Drive : https://drive.google.com/drive/folders/1Fynid6c0kF7EHdXoO69GGbrSxJEQXWz3?usp=drive_link
- This repository is the codebase of the Nvidia-Hackathon that me and my other team mate participated in during Oct 25 to Oct 27 2024.
Here is the simple description of the work we did:
Our goal was to enhance the accuracy of the Gemma 2B model for generating tags on the questions from the Law domain, for improved relevance search. We have used the Law Stack Exchange dataset from huggingface for this.
To achieve this, we utilized NVIDIA's NeMo Curator for faster data processing and NeMo microservices for fine tuning and evaluating the Large Language Model.
The data has a question, title, score and tags associated with it.
The key features that we have used for data processing from NeMo curator include:
-
DocumentDataset: This allowed us to handle our dataset efficiently with Dask for scalable processing.
-
UnicodeReformatter: We used this to encode the questions and titles into Unicode format.
-
DocumentModifier: We have wrapped our custom text cleaning and section number formatting into the DocumentModifier functionality.
-
PIIModifier: We have used this to remove personally identifiable information like names, phone numbers, addresses, locations and email addresses from questions and titles.
-
We have manually investigated questions with 10, 20, 40, 50 words and found that questions with 15 or fewer words are not contextually complete and meaningful enough. So we have discarded all the questions with 15 or fewer words using WordCountFilter.
-
ScoreFilter: We have used a score filter to exclude questions with a net upvote score below zero.
-
We also utilized the RepeatingTopNGrams filter to eliminate questions that contained repetitive phrases, as these can introduce bias by overemphasizing certain terms and phrases. We have the n value of 5 and the repeating percentage as 15%.
-
Further We have leveraged NeMo microservices to convert the downloaded Gemma 2B model into .nemo format so that the model is compatible with the NeMo framework and is also optimized to take advantage of Nvidia GPUs’ capabilities.
-
Our approach involved designing a custom system prompt that instructs the LLM what its task is, provided the question, title and the list of tags. We applied this to every question and title.
-
We used a 95% to 5% training-validation split for our dataset.
-
In fine-tuning our model, we carefully selected our hyperparameters to balance performance, efficiency, and resource utilization.
-
Our choice of bf16 precision strikes a balance between training speed and memory usage, crucial for handling our large language model.
-
The micro batch size of 1 and global batch size of 16 were chosen to optimize memory usage and gradient accumulation, allowing for stable training.
-
We implemented a cosine annealing learning rate schedule with a base rate of 1e-6. This approach helps in finding an optimal convergence point by gradually reducing the learning rate, preventing overshooting in later stages of training.
-
Infact, during our first trial of fine tuning the model, the training and validation loss are too far apart and also the validation is not converging while the training loss is, which is a clear sight of overfitting.
-
So, we introduced weight decay of 0.01 was selected to prevent overfitting and ensure smooth gradient updates.
-
We set our max steps to 2500 with evaluations every 200 steps.

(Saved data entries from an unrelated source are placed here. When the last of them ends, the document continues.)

(* Let $C\in U(2)$ be a quantum coin. If $C$ is non-trivial, then there exist exactly two unit vectors $\gamma_1,\gamma_2\in\mathbb{C}^2$, counted up to multiplication by a global phase $e^{i\eta}$, such that the coin setups $(C,\gamma_1)$ and $(C,\gamma_2)$ are symmetric in distribution. If $C$ is trivial, then there exist uncountably many unit vectors $\gamma\in\mathbb{C}^2$, pairwise not equal up to a global phase, such that $(C,\gamma)$ is symmetric in distribution.
   Context: Let $\mathcal{H}=\ell^2(\mathbb{Z})\otimes\mathbb{C}^2$, with position basis $\{|j\rangle: j\in\mathbb{Z}\}$ of $\ell^2(\mathbb{Z})$ and orthonormal basis $\{|\uparrow\rangle,|\downarrow\rangle\}$ of $\mathbb{C}^2$. A (quantum) coin is any $C\in U(2)$, written $C=a|\uparrow\rangle\langle\uparrow|+b|\uparrow\rangle\langle\downarrow|+c|\downarrow\rangle\langle\uparrow|+d|\downarrow\rangle\langle\downarrow|$; $C$ is called trivial iff $abcd=0$, non-trivial otherwise. The conditional translation is $T=\sum_{j\in\mathbb{Z}}|j+1\rangle\langle j|\otimes|\uparrow\rangle\langle\uparrow|+\sum_{j\in\mathbb{Z}}|j-1\rangle\langle j|\otimes|\downarrow\rangle\langle\downarrow|$ and the walk operator is $W(C)=T(\mathbb{1}\otimes C)$. A coin setup is a pair $(C,\gamma)$ with $C\in U(2)$ and $\gamma\in\mathbb{C}^2$ a unit vector (the initial coin state). Its induced distributions are $p_{(C,\gamma)}(j,n)=\langle\psi_n|(|j\rangle\langle j|\otimes\mathbb{1})|\psi_n\rangle$ with $\psi_n=W(C)^n(|0\rangle\otimes\gamma)$, for $j\in\mathbb{Z}$, $n\in\mathbb{N}$. A coin setup is called symmetric in distribution if $p_{(C,\gamma)}(j,n)=p_{(C,\gamma)}(-j,n)$ for all $j\in\mathbb{Z}$ and all $n\in\mathbb{N}$. *)

theory Defs
  imports Complex_Main "HOL-Library.Countable_Set"
begin

text \<open>A coin C = a|u><u| + b|u><d| + c|d><u| + d|d><d| is represented by its
  matrix entries (a, b, c, d) w.r.t. the basis (up, down).  A vector of C^2 is a
  pair (up component, down component).\<close>

type_synonym coin = "complex \<times> complex \<times> complex \<times> complex"
type_synonym cvec = "complex \<times> complex"

definition coin_a :: "coin \<Rightarrow> complex" where "coin_a C = fst C"
definition coin_b :: "coin \<Rightarrow> complex" where "coin_b C = fst (snd C)"
definition coin_c :: "coin \<Rightarrow> complex" where "coin_c C = fst (snd (snd C))"
definition coin_d :: "coin \<Rightarrow> complex" where "coin_d C = snd (snd (snd C))"

text \<open>C \<in> U(2): C^* C = 1 (for square matrices equivalent to C C^* = 1).\<close>
definition unitary2 :: "coin \<Rightarrow> bool" where
  "unitary2 C \<longleftrightarrow>
     cnj (coin_a C) * coin_a C + cnj (coin_c C) * coin_c C = 1 \<and>
     cnj (coin_b C) * coin_b C + cnj (coin_d C) * coin_d C = 1 \<and>
     cnj (coin_a C) * coin_b C + cnj (coin_c C) * coin_d C = 0"

definition trivial_coin :: "coin \<Rightarrow> bool" where
  "trivial_coin C \<longleftrightarrow> coin_a C * coin_b C * coin_c C * coin_d C = 0"

definition unit_vec :: "cvec \<Rightarrow> bool" where
  "unit_vec v \<longleftrightarrow> (cmod (fst v))\<^sup>2 + (cmod (snd v))\<^sup>2 = 1"

definition coin_apply :: "coin \<Rightarrow> cvec \<Rightarrow> cvec" where
  "coin_apply C v = (coin_a C * fst v + coin_b C * snd v,
                     coin_c C * fst v + coin_d C * snd v)"

text \<open>States in l^2(Z) \<otimes> C^2 as functions int \<Rightarrow> C^2.  The walk operator
  W(C) = T (1 \<otimes> C): the up component moves j \<mapsto> j+1, the down component j \<mapsto> j-1.\<close>
definition walk :: "coin \<Rightarrow> (int \<Rightarrow> cvec) \<Rightarrow> (int \<Rightarrow> cvec)" where
  "walk C \<psi> = (\<lambda>j. (fst (coin_apply C (\<psi> (j - 1))), snd (coin_apply C (\<psi> (j + 1)))))"

definition init_state :: "cvec \<Rightarrow> int \<Rightarrow> cvec" where
  "init_state \<gamma> = (\<lambda>j. if j = 0 then \<gamma> else (0, 0))"

definition walk_state :: "coin \<Rightarrow> cvec \<Rightarrow> nat \<Rightarrow> int \<Rightarrow> cvec" where
  "walk_state C \<gamma> n = (walk C ^^ n) (init_state \<gamma>)"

This frequent evaluation allowed us to monitor the model's performance closely and make necessary adjustments.
-
We have used optimizer beta values of 0.9 and 0.95 to help achieve faster convergence and improved stability during the fine-tuning of large language models by adjusting the decay rates of the gradient and variance estimates in the Adam optimizer.
We have used virtual instances on Brev for this hackathon.